By Claudia Pinto / Daily Progress staff writer

May 2, 2005

An experimental vaccine reduces viruses that cause most cervical cancers and genital warts by more than 90 percent, according to an international study that involves a University of Virginia researcher.

In the study, 277 uninfected women ages 16 to 23 received the vaccine and 275 got the placebo. The vaccine was administered three times during a six-month period. The women, including some UVa students, were then followed for two years to see if they contracted warts or had abnormal Pap smear test results.

"The only people who got lesions or warts got the placebo," said Dr. Mark H. Stoler, a UVa professor of pathology and gynecology.

The vaccine contains parts of four different human papillomaviruses, which cause 70 percent of cervical cancers and almost all genital warts. Once administered, the body creates antibodies at such high levels that infection is blocked.

"HPV vaccines are on the horizon and they are going to work," Stoler said.

In the United States, nearly 4,000 women die from cervical cancer each year. Worldwide, the annual death toll is 350,000.

The disease is most deadly in Third World countries where women aren't able to receive regular Pap smear exams, which detect cell changes well before cancer develops.

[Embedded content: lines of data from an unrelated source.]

(* For every non-decreasing function $f:(0,1)\to(0,1)$ there is a non-decreasing function $f':(0,1)\to(0,1)$ with $f'(x)<f(x)$ for all $x\in(0,1)$ such that the following holds. Let $\rho,\nu,\tau,\alpha\in(0,1)$ and $n,k,\ell\in\mathbb N$ satisfy $1/n\leq\rho\leq f'(\nu)$, $\nu\leq\tau\leq f'(\alpha)$. Then there exist $\zeta,\delta,\gamma,\beta,\eta$ with $\rho\leq f(\eta)$, $\eta\leq f(\beta)$, $\beta\leq f(\gamma)$, $\gamma\leq f(\zeta)$, $\zeta\leq f(\nu)$ and $\tau<\delta<\alpha$, such that for every $n$-vertex $D$-regular graph $G$ with $D\geq\alpha n$, every robust partition $\mathcal V$ of $G$ with parameters $\rho,\nu,\tau,k,\ell$ is a clustering of $G$ with parameters $\zeta,\delta,\gamma,\beta,\eta$ (with $c_{\min}=\alpha$, where for each bipartite part $W_j$ its bipartition $A_j,B_j$ serves as the partition witnessing that $W_j$ is $\beta$-almost-bipartite, and each part $V_i$ is $\gamma$-far-from-bipartite).
   Context: For a graph $G$ and $S,T\subseteq V(G)$: $\overline{S}=V(G)\setminus S$; $d_S(v)=|N(v)\cap S|$; $E_G(S,T)=\{xy\in E(G):x\in S,y\in T\}$, $e_G(S,T)=|E_G(S,T)|$. For an $N$-vertex graph $H$, $\mathrm{RN}_{\nu,H}(S)=\{v:d_S(v)\ge\nu N\}$; $H$ is a robust $(\nu,\tau)$-expander if $|\mathrm{RN}_{\nu,H}(S)|\ge|S|+\nu N$ for all $S$ with $\tau N\le|S|\le(1-\tau)N$; $H$ is a bipartite robust $(\nu,\tau)$-expander with bipartition $A,B$ if this inequality holds for all $S\subseteq A$ with $\tau|A|\le|S|\le(1-\tau)|A|$. $\mathcal V=\{V_1,\dots,V_k,W_1,\dots,W_\ell\}$ is a robust partition of an $n$-vertex $D$-regular $G$ with parameters $\rho,\nu,\tau,k,\ell$ ($0<\rho\le\nu\le\tau<1$) if: (D1) it partitions $V(G)$; (D2) each $V_i$ satisfies $|V_i|\ge\sqrt\rho n$, $e_G(V_i,\overline{V_i})\le\rho n^2$ and $G[V_i]$ is a robust $(\nu,\tau)$-expander; (D3) each $W_j$ has a partition $A_j,B_j$ with $|A_j|,|B_j|\ge\sqrt\rho n$, $||A_j|-|B_j||\le\rho n$, $e_G(A_j,\overline{B_j})+e_G(B_j,\overline{A_j})\le\rho n^2$ and $G[W_j]$ a bipartite robust $(\nu,\tau)$-expander with bipartition $A_j,B_j$; (D4) $d_X(x)\ge d_{X'}(x)$ for all $X,X'\in\mathcal V$, $x\in X$; (D5) $d_{B_j}(u)\ge d_{A_j}(u)$ for $u\in A_j$, $d_{A_j}(v)\ge d_{B_j}(v)$ for $v\in B_j$; (D6) $k+2\ell\le\lfloor(1+\rho^{1/3})n/D\rfloor$; (D7) each $X\in\mathcal V$ has all but at most $\rho n$ vertices with $d_X(x)\ge D-\rho n$. Clustering: a cut of $A\subseteq V(G)$ is a partition $X,Y$ of $A$ into non-empty sets; it is $\zeta$-sparse if $e_G(X,Y)\le\zeta|X||Y|$. $A$ is $\beta$-almost-bipartite if there is a partition $X,Y$ of $A$ such that $G[A]$ has at most $\beta n^2$ edges not in $E_G(X,Y)$; otherwise $A$ is $\beta$-far-from-bipartite. For $c_{\min}\in(0,1)$ and $G$ an $n$-vertex $D$-regular graph with $D\ge c_{\min}n$, a clustering of $G$ with parameters $\zeta,\delta,\gamma,\beta,\eta$ is a partition $\{A_1,\dots,A_r\}$ of $V(G)$ into non-empty sets such that: (a) at most $\eta n^2$ edges of $G$ have ends in different $A_i$; (b) $\delta(G[A_i])\ge\delta n$ for each $i$; (c) no $A_i$ has a $\zeta$-sparse cut; (d) each $A_i$ is either $\beta$-almost-bipartite (with a specified witnessing partition) or $\gamma$-far-from-bipartite. *)

theory Defs
  imports Complex_Main
begin

definition graph :: "'a set \<Rightarrow> ('a \<Rightarrow> 'a \<Rightarrow> bool) \<Rightarrow> bool" where
  "graph V E \<longleftrightarrow> finite V \<and> (\<forall>x y. E x y \<longrightarrow> x \<in> V \<and> y \<in> V \<and> x \<noteq> y \<and> E y x)"

definition deg :: "('a \<Rightarrow> 'a \<Rightarrow> bool) \<Rightarrow> 'a set \<Rightarrow> 'a \<Rightarrow> nat" where
  "deg E S v = card {u \<in> S. E v u}"

definition regular :: "'a set \<Rightarrow> ('a \<Rightarrow> 'a \<Rightarrow> bool) \<Rightarrow> nat \<Rightarrow> bool" where
  "regular V E D \<longleftrightarrow> (\<forall>v\<in>V. deg E V v = D)"

definition edges_between :: "('a \<Rightarrow> 'a \<Rightarrow> bool) \<Rightarrow> 'a set \<Rightarrow> 'a set \<Rightarrow> 'a set set" where
  "edges_between E S T = {{x, y} | x y. E x y \<and> x \<in> S \<and> y \<in> T}"

definition e :: "('a \<Rightarrow> 'a \<Rightarrow> bool) \<Rightarrow> 'a set \<Rightarrow> 'a set \<Rightarrow> nat" where
  "e E S T = card (edges_between E S T)"

definition RN :: "('a \<Rightarrow> 'a \<Rightarrow> bool) \<Rightarrow> 'a set \<Rightarrow> real \<Rightarrow> 'a set \<Rightarrow> 'a set" where
  "RN E U \<nu> S = {v \<in> U. real (deg E S v) \<ge> \<nu> * real (card U)}"

definition robust_expander :: "('a \<Rightarrow> 'a \<Rightarrow> bool) \<Rightarrow> 'a set \<Rightarrow> real \<Rightarrow> real \<Rightarrow> bool" where
  "robust_expander E U \<nu> \<tau> \<longleftrightarrow>
    (\<forall>S. S \<subseteq> U \<and> \<tau> * real (card U) \<le> real (card S) \<and> real (card S) \<le> (1 - \<tau>) * real (card U) \<longrightarrow>
       real (card (RN E U \<nu> S)) \<ge> real (card S) + \<nu> * real (card U))"

definition bip_robust_expander :: "('a \<Rightarrow> 'a \<Rightarrow> bool) \<Rightarrow> 'a set \<Rightarrow> 'a set \<Rightarrow> real \<Rightarrow> real \<Rightarrow> bool" where
  "bip_robust_expander E A B \<nu> \<tau> \<longleftrightarrow>
    (\<forall>S. S \<subseteq> A \<and> \<tau> * real (card A) \<le> real (card S) \<and> real (card S) \<le> (1 - \<tau>) * real (card A) \<longrightarrow>
       real (card (RN E (A \<union> B) \<nu> S)) \<ge> real (card S) + \<nu> * real (card (A \<union> B)))"

text \<open>The set of parts of \<V> = {V_1,...,V_k, W_1,...,W_l}, W_j = A_j \<union> B_j (indices 0-based).\<close>
definition parts :: "(nat \<Rightarrow> 'a set) \<Rightarrow> (nat \<Rightarrow> 'a set) \<Rightarrow> (nat \<Rightarrow> 'a set) \<Rightarrow> nat \<Rightarrow> nat \<Rightarrow> 'a set set" where
  "parts Vs As Bs k l = Vs ` {..<k} \<union> (\<lambda>j. As j \<union> Bs j) ` {..<l}"

definition robust_partition ::
  "'a set \<Rightarrow> ('a \<Rightarrow> 'a \<Rightarrow> bool) \<Rightarrow> nat \<Rightarrow> real \<Rightarrow> real \<Rightarrow> real \<Rightarrow> nat \<Rightarrow> nat \<Rightarrow>
   (nat \<Rightarrow> 'a set) \<Rightarrow> (nat \<Rightarrow> 'a set) \<Rightarrow> (nat \<Rightarrow> 'a set) \<Rightarrow> bool" where
  "robust_partition V E D \<rho> \<nu> \<tau> k l Vs As Bs \<longleftrightarrow>
   (let n = real (card V); W = (\<lambda>j. As j \<union> Bs j); P = parts Vs As Bs k l in
     0 < \<rho> \<and> \<rho> \<le> \<nu> \<and> \<nu> \<le> \<tau> \<and> \<tau> < 1 \<and>
     \<comment> \<open>(D1)\<close>
     \<Union> P = V \<and>
     (\<forall>i<k. \<forall>i'<k. i \<noteq> i' \<longrightarrow> Vs i \<inter> Vs i' = {}) \<and>
     (\<forall>j<l. \<forall>j'<l. j \<noteq> j' \<longrightarrow> W j \<inter> W j' = {}) \<and>
     (\<forall>i<k. \<forall>j<l. Vs i \<inter> W j = {}) \<and>
     (\<forall>j<l. As j \<inter> Bs j = {}) \<and>
     \<comment> \<open>(D2)\<close>
     (\<forall>i<k. real (card (Vs i)) \<ge> sqrt \<rho> * n \<and> real (e E (Vs i) (V - Vs i)) \<le> \<rho> * n\<^sup>2 \<and>
        robust_expander E (Vs i) \<nu> \<tau>) \<and>
     \<comment> \<open>(D3)\<close>
     (\<forall>j<l. real (card (As j)) \<ge> sqrt \<rho> * n \<and> real (card (Bs j)) \<ge> sqrt \<rho> * n \<and>
        \<bar>real (card (As j)) - real (card (Bs j))\<bar> \<le> \<rho> * n \<and>
        real (e E (As j) (V - Bs j) + e E (Bs j) (V - As j)) \<le> \<rho> * n\<^sup>2 \<and>
        bip_robust_expander E (As j) (Bs j) \<nu> \<tau>) \<and>
     \<comment> \<open>(D4)\<close>
     (\<forall>X\<in>P. \<forall>X'\<in>P. \<forall>x\<in>X. deg E X x \<ge> deg E X' x) \<and>
     \<comment> \<open>(D5)\<close>
     (\<forall>j<l. (\<forall>u\<in>As j. deg E (Bs j) u \<ge> deg E (As j) u) \<and>
            (\<forall>v\<in>Bs j. deg E (As j) v \<ge> deg E (Bs j) v)) \<and>
     \<comment> \<open>(D6)\<close>
     real (k + 2 * l) \<le> of_int \<lfloor>(1 + root 3 \<rho>) * n / real D\<rfloor> \<and>
     \<comment> \<open>(D7)\<close>
     (\<forall>X\<in>P. real (card {x \<in> X. real (deg E X x) < real D - \<rho> * n}) \<le> \<rho> * n))"

definition sparse_cut :: "('a \<Rightarrow> 'a \<Rightarrow> bool) \<Rightarrow> real \<Rightarrow> 'a set \<Rightarrow> 'a set \<Rightarrow> 'a set \<Rightarrow> bool" where
  "sparse_cut E \<zeta> A X Y \<longleftrightarrow> X \<noteq> {} \<and> Y \<noteq> {} \<and> X \<union> Y = A \<and> X \<inter> Y = {} \<and>
     real (e E X Y) \<le> \<zeta> * real (card X) * real (card Y)"

definition almost_bip_wit ::
  "'a set \<Rightarrow> ('a \<Rightarrow> 'a \<Rightarrow> bool) \<Rightarrow> real \<Rightarrow> 'a set \<Rightarrow> 'a set \<Rightarrow> 'a set \<Rightarrow> bool" where
  "almost_bip_wit V E \<beta> A X Y \<longleftrightarrow> X \<union> Y = A \<and> X \<inter> Y = {} \<and>
     real (card (edges_between E A A - edges_between E X Y)) \<le> \<beta> * (real (card V))\<^sup>2"

definition almost_bipartite :: "'a set \<Rightarrow> ('a \<Rightarrow> 'a \<Rightarrow> bool) \<Rightarrow> real \<Rightarrow> 'a set \<Rightarrow> bool" where
  "almost_bipartite V E \<beta> A \<longleftrightarrow> (\<exists>X Y. almost_bip_wit V E \<beta> A X Y)"

definition far_from_bipartite :: "'a set \<Rightarrow> ('a \<Rightarrow> 'a \<Rightarrow> bool) \<Rightarrow> real \<Rightarrow> 'a set \<Rightarrow> bool" where
  "far_from_bipartite V E \<gamma> A \<longleftrightarrow> \<not> almost_bipartite V E \<gamma> A"

definition clustering ::
  "'a set \<Rightarrow> ('a \<Rightarrow> 'a \<Rightarrow> bool) \<Rightarrow> real \<Rightarrow> real \<Rightarrow> real \<Rightarrow> real \<Rightarrow> real \<Rightarrow> 'a set set \<Rightarrow> bool" where
  "clustering V E \<zeta> \<delta> \<gamma> \<beta> \<eta> P \<longleftrightarrow>
    (let n = real (card V) in
     \<Union> P = V \<and> {} \<notin> P \<and> (\<forall>X\<in>P. \<forall>Y\<in>P. X \<noteq> Y \<longrightarrow> X \<inter> Y = {}) \<and>
     real (card {{x, y} | x y. E x y \<and> (\<exists>X\<in>P. x \<in> X \<and> y \<notin> X)}) \<le> \<eta> * n\<^sup>2 \<and>
     (\<forall>A\<in>P. \<forall>v\<in>A. real (deg E A v) \<ge> \<delta> * n) \<and>
     (\<forall>A\<in>P. \<not> (\<exists>X Y. sparse_cut E \<zeta> A X Y)) \<and>
     (\<forall>A\<in>P. almost_bipartite V E \<beta> A \<or> far_from_bipartite V E \<gamma> A))"

end

theory Submission
  imports Defs
begin

text \<open>
  By (D4) every vertex has at least a 1/|\<V>| share of its D neighbours in its own part, and by (D6)
  there are at most 2n/D parts, so every part has minimum degree at least D^2/2n \<ge> \<alpha>^2 n/2.
  A sparse cut of a part would then have either a small side, whose vertices send almost all of
  this degree across, or two sides large enough for robust expansion to force about \<nu>^2 N^2
  crossing edges. In a bipartite part A \<union> B the bound on e(A, A) from (D3) makes vertices with
  many neighbours in A rare, so expansion out of X \<inter> A lands in X \<inter> B; doing this for both sides
  of the cut contradicts |A| \<approx> |B|. The same two estimates put many edges inside the larger side
  of any bipartition of V_i, while A_j, B_j witness almost-bipartiteness by (D3), and at most
  (k + l)\<rho>n^2 \<le> 2\<rho>n^2/\<alpha> edges join different parts. The parameters are obtained by iterating
  x \<mapsto> x f(x)/100, which stays below both f and x/100.
\<close>

section \<open>Degrees and edge counts\<close>

lemma graph_finite: "graph V E \<Longrightarrow> finite V"
  by (simp add: graph_def)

"If every woman were to get appropriate screening there would be no cervical cancer because we could identify it early and treat it appropriately," said Dr. Chris Peterson, director of gynecology for UVa's department of student health, which was one of the study sites.

While no one dies from genital warts, they are still a huge medical problem. It's estimated that 1 million Americans are diagnosed as having them each year.

"They are uncomfortable, but the biggest discomfort is the emotional discomfort," Peterson said. "They wonder, where did I get this? Did it come from my current sexual partner? Is my partner with another partner? They worry about what to tell their future partners. Or if they have inadvertently exposed someone they care about."

Peterson said genital warts show up months or years after exposure. The warts usually go away naturally, but it can take as long as a year or two.

Most people opt to have them cut off, frozen or chemically removed. But even then, they can come back if they weren't all taken off.

Stoler says both men and women should receive the vaccine when it becomes available. "Men get warts," he said. "Men transmit the disease."

And the earlier people are vaccinated, he says, the better.

"It's important for people to get vaccinated before they are infected. So that means before they have sex," Stoler said. "What group is this? Ten- to 14-year-olds."

The vaccine could be on the market in two or three years.